> [Task to complete]
Go through the data below and copy each line that includes "blast".

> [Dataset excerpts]
>>>
(* Let $s_0,t_0\ge 1$ be real numbers and let $\mathcal T$ be the infinite rooted tree of nodes generated from $(s_0,t_0)$ by the recursive rule described in the context. Then the set of accumulation points in $\mathbb R^2$ of the set of locations of the nodes of $\mathcal T$ is exactly the closed segment with extremities $(-1,s_0)$ and $(1,t_0)$, i.e. the set $\{(x,\,\tfrac{s_0+t_0}{2}+\tfrac{t_0-s_0}{2}x): x\in[-1,1]\}$.
   Context: Points of $\mathbb R^2$ are written $(x,y)$ (abscissa = space, ordinate = time). Given real numbers $s_0,t_0\ge 1$, a tree $\mathcal T$ is built recursively. Each node has a location $(x,y)\in\mathbb R^2$, a depth $d\in\mathbb N$ (the number of its ancestors that are split nodes), and a pair of real parameters $(s,t)$. The root is at $(0,0)$, has depth $0$ and parameters $(s_0,t_0)$. A node at $(x,y)$ of depth $d$ with parameters $(s,t)$ is: - a delay node if $s\ge 2$ and $t\ge 2$; it then has exactly one child, located at $(x,\,y+2^{-d})$, of depth $d$, with parameters $(s-1,\,t-1)$; - a split node otherwise (i.e. if $s<2$ or $t<2$); it then has exactly two children, both of depth $d+1$: a left child at $(x-2^{-(d+1)},\,y+2^{-(d+1)})$ with parameters $(2s-1,\,s+t-1)$, and a right child at $(x+2^{-(d+1)},\,y+2^{-(d+1)})$ with parameters $(s+t-1,\,2t-1)$. The recursion never stops, so $\mathcal T$ is infinite; each node is joined to its children by straight edges. *)

theory Defs
  imports "HOL-Analysis.Analysis"
begin

text \<open>tree_node s0 t0 p d s t: there is a node of the tree generated from (s0,t0)
  located at p = (x,y), of depth d, with parameters (s,t).\<close>
inductive tree_node :: "real \<Rightarrow> real \<Rightarrow> real \<times> real \<Rightarrow> nat \<Rightarrow> real \<Rightarrow> real \<Rightarrow> bool"
  for s0 t0 :: real where
  root: "tree_node s0 t0 (0, 0) 0 s0 t0"
| delay: "\<lbrakk>tree_node s0 t0 (x, y) d s t; s \<ge> 2; t \<ge> 2\<rbrakk>
     \<Longrightarrow> tree_node s0 t0 (x, y + (1/2) ^ d) d (s - 1) (t - 1)"
| split_left: "\<lbrakk>tree_node s0 t0 (x, y) d s t; s < 2 \<or> t < 2\<rbrakk>
     \<Longrightarrow> tree_node s0 t0 (x - (1/2) ^ (d + 1), y + (1/2) ^ (d + 1)) (d + 1) (2 * s - 1) (s + t - 1)"
| split_right: "\<lbrakk>tree_node s0 t0 (x, y) d s t; s < 2 \<or> t < 2\<rbrakk>
     \<Longrightarrow> tree_node s0 t0 (x + (1/2) ^ (d + 1), y + (1/2) ^ (d + 1)) (d + 1) (s + t - 1) (2 * t - 1)"

definition node_locations :: "real \<Rightarrow> real \<Rightarrow> (real \<times> real) set" where
  "node_locations s0 t0 = {p. \<exists>d s t. tree_node s0 t0 p d s t}"

end

theory Submission
  imports Defs
begin

text \<open>Along the tree \<open>s - t = s0 - t0\<close> is invariant, \<open>s, t \<ge> 1\<close> and \<open>s + t\<close> stays bounded.
  A node \<open>(x, y)\<close> of depth \<open>d\<close> has \<open>\<bar>x\<bar> + 2^-d \<le> 1\<close>, coordinates in \<open>2^-d \<int>\<close>, and its apex
  \<open>(x, y + (s + t)/2 * 2^-d)\<close> lies on the line through \<open>(-1, s0)\<close> and \<open>(1, t0)\<close>. Hence a node at
  distance \<open>r\<close> from the segment has \<open>2^-d\<close> of order at least \<open>r\<close>, so near a point off the segment
  all nodes lie on one dyadic grid and are finitely many. Conversely, delay chains are finite
  since \<open>s\<close> drops by 1 at each delay, so every depth is reached by split nodes, whose two children
  halve the abscissa interval \<open>[x - 2^-d, x + 2^-d]\<close>: every abscissa in \<open>[-1, 1]\<close> is within
  \<open>2^-d\<close> of a node of depth \<open>d\<close>, which lies within \<open>O(2^-d)\<close> of the segment point above it.\<close>

definition segment_ordinate :: "real \<Rightarrow> real \<Rightarrow> real \<Rightarrow> real" where
  "segment_ordinate s0 t0 x = (s0 + t0) / 2 + (t0 - s0) / 2 * x"

text \<open>After a split, \<open>s < 2\<close> or \<open>t < 2\<close> together with \<open>s - t = s0 - t0\<close> bounds the parameter sum
  of both children by \<open>6 + 3 * \<bar>s0 - t0\<bar>\<close>; delays only decrease it.\<close>

definition param_sum_bound :: "real \<Rightarrow> real \<Rightarrow> real" where
  "param_sum_bound s0 t0 = max (s0 + t0) (6 + 3 * \<bar>s0 - t0\<bar>)"

lemma param_sum_bound_pos: "0 < param_sum_bound s0 t0"
  by (simp add: param_sum_bound_def less_max_iff_disj add_pos_nonneg)

lemma closed_segment_eq_graph_segment_ordinate:
  fixes s0 t0 :: real
  shows "closed_segment (-1, s0) (1, t0) = {(x, segment_ordinate s0 t0 x) | x. \<bar>x\<bar> \<le> 1}"
proof safe
  fix p :: "real \<times> real" assume "p \<in> closed_segment (-1, s0) (1, t0)"
  then obtain u :: real where u: "0 \<le> u" "u \<le> 1" "p = (1 - u) *\<^sub>R (-1, s0) + u *\<^sub>R (1, t0)"
    unfolding closed_segment_def by blast
  then have "p = (2 * u - 1, segment_ordinate s0 t0 (2 * u - 1))" "\<bar>2 * u - 1\<bar> \<le> 1"
    by (auto simp: segment_ordinate_def field_simps)
  then show "\<exists>x. p = (x, segment_ordinate s0 t0 x) \<and> \<bar>x\<bar> \<le> 1" by blast
next
  fix x :: real assume "\<bar>x\<bar> \<le> 1"
  then have "0 \<le> (x + 1) / 2" "(x + 1) / 2 \<le> 1"
    and "(x, segment_ordinate s0 t0 x) = (1 - (x + 1) / 2) *\<^sub>R (-1, s0) + ((x + 1) / 2) *\<^sub>R (1, t0)"
    by (auto simp: segment_ordinate_def field_simps)
  then show "(x, segment_ordinate s0 t0 x) \<in> closed_segment (-1, s0) (1, t0)"
    unfolding closed_segment_def by blast
qed

lemma dist_segment_ordinate_points:
  "dist (x, segment_ordinate s0 t0 x) (x', segment_ordinate s0 t0 x')
     \<le> (1 + \<bar>t0 - s0\<bar> / 2) * \<bar>x - x'\<bar>"
proof -
  have diff: "segment_ordinate s0 t0 x - segment_ordinate s0 t0 x' = (t0 - s0) / 2 * (x - x')"
    by (simp add: segment_ordinate_def field_simps)
  have "\<bar>segment_ordinate s0 t0 x - segment_ordinate s0 t0 x'\<bar> = \<bar>t0 - s0\<bar> / 2 * \<bar>x - x'\<bar>"
    unfolding diff by (simp add: abs_mult)
  then have "dist (x, segment_ordinate s0 t0 x) (x', segment_ordinate s0 t0 x')
      \<le> \<bar>x - x'\<bar> + \<bar>t0 - s0\<bar> / 2 * \<bar>x - x'\<bar>"
    using norm_Pair_le[of "x - x'" "segment_ordinate s0 t0 x - segment_ordinate s0 t0 x'"]
    by (simp add: dist_norm)
  then show ?thesis by (simp add: algebra_simps)
qed

lemma segment_ordinate_split_children:
  assumes "y + (s + t) / 2 * h = segment_ordinate s0 t0 x" and "s - t = s0 - t0"
  shows "y + h / 2 + (2 * s - 1 + (s + t - 1)) / 2 * (h / 2) = segment_ordinate s0 t0 (x - h / 2)"
    and "y + h / 2 + (s + t - 1 + (2 * t - 1)) / 2 * (h / 2) = segment_ordinate s0 t0 (x + h / 2)"
proof -
  have t: "t = s - s0 + t0" and y: "y = segment_ordinate s0 t0 x - (s + t) / 2 * h"
    using assms by simp_all
  show "y + h / 2 + (2 * s - 1 + (s + t - 1)) / 2 * (h / 2) = segment_ordinate s0 t0 (x - h / 2)"
    and "y + h / 2 + (s + t - 1 + (2 * t - 1)) / 2 * (h / 2) = segment_ordinate s0 t0 (x + h / 2)"
    unfolding y t segment_ordinate_def by (simp_all add: field_simps)
qed

lemma Ints_mult_power2_mono:
  fixes a :: real
  assumes "a * 2 ^ d \<in> \<int>" and "d \<le> N"
  shows "a * 2 ^ N \<in> \<int>"
proof -
  have "a * 2 ^ N = (a * 2 ^ d) * 2 ^ (N - d)"
    using assms(2) by (metis le_add_diff_inverse mult.assoc power_add)
  also have "\<dots> \<in> \<int>"
    by (rule Ints_mult[OF assms(1) Ints_power]) simp
  finally show ?thesis .
qed

lemma finite_bounded_scaled_Ints:
  fixes c R :: real
  assumes "0 < c"
  shows "finite {x. \<bar>x\<bar> \<le> R \<and> x * c \<in> \<int>}"
proof -
  have "{x. \<bar>x\<bar> \<le> R \<and> x * c \<in> \<int>} \<subseteq> (\<lambda>k. k / c) ` {k \<in> \<int>. \<bar>k\<bar> \<le> R * c}"
  proof
    fix x assume "x \<in> {x. \<bar>x\<bar> \<le> R \<and> x * c \<in> \<int>}"
    then have "x = x * c / c" "x * c \<in> {k \<in> \<int>. \<bar>k\<bar> \<le> R * c}"
      using assms by (auto simp: abs_mult mult_right_mono)
    then show "x \<in> (\<lambda>k. k / c) ` {k \<in> \<int>. \<bar>k\<bar> \<le> R * c}" by blast
  qed
  then show ?thesis
    by (rule finite_subset) (simp add: finite_abs_int_segment)
qed

lemma finite_bounded_scaled_Ints_pairs:
  fixes A :: "(real \<times> real) set" and c :: real
  assumes "bounded A" and "0 < c"
  shows "finite {z \<in> A. fst z * c \<in> \<int> \<and> snd z * c \<in> \<int>}"
proof -
  obtain R where R: "\<And>z. z \<in> A \<Longrightarrow> norm z \<le> R"
    using assms(1) bounded_iff by blast
  have "{z \<in> A. fst z * c \<in> \<int> \<and> snd z * c \<in> \<int>}
      \<subseteq> {x. \<bar>x\<bar> \<le> R \<and> x * c \<in> \<int>} \<times> {y. \<bar>y\<bar> \<le> R \<and> y * c \<in> \<int>}"
  proof
    fix z assume z: "z \<in> {z \<in> A. fst z * c \<in> \<int> \<and> snd z * c \<in> \<int>}"
    then have "norm z \<le> R"
      using R by blast
    moreover have "norm (fst z) \<le> norm z" "norm (snd z) \<le> norm z"
      using norm_fst_le[of "fst z" "snd z"] norm_snd_le[of "snd z" "fst z"] by simp_all
    ultimately have "norm (fst z) \<le> R" "norm (snd z) \<le> R"
      by simp_all
    with z show "z \<in> {x. \<bar>x\<bar> \<le> R \<and> x * c \<in> \<int>} \<times> {y. \<bar>y\<bar> \<le> R \<and> y * c \<in> \<int>}"
      by (auto simp: mem_Times_iff)
  qed
  then show ?thesis
    by (rule finite_subset) (simp add: finite_bounded_scaled_Ints assms(2))
qed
<<<
> [Exercise response]
    unfolding closed_segment_def by blast
  then show "\<exists>x. p = (x, segment_ordinate s0 t0 x) \<and> \<bar>x\<bar> \<le> 1" by blast
    unfolding closed_segment_def by blast
    then show "x \<in> (\<lambda>k. k / c) ` {k \<in> \<int>. \<bar>k\<bar> \<le> R * c}" by blast
    using assms(1) bounded_iff by blast
      using R by blast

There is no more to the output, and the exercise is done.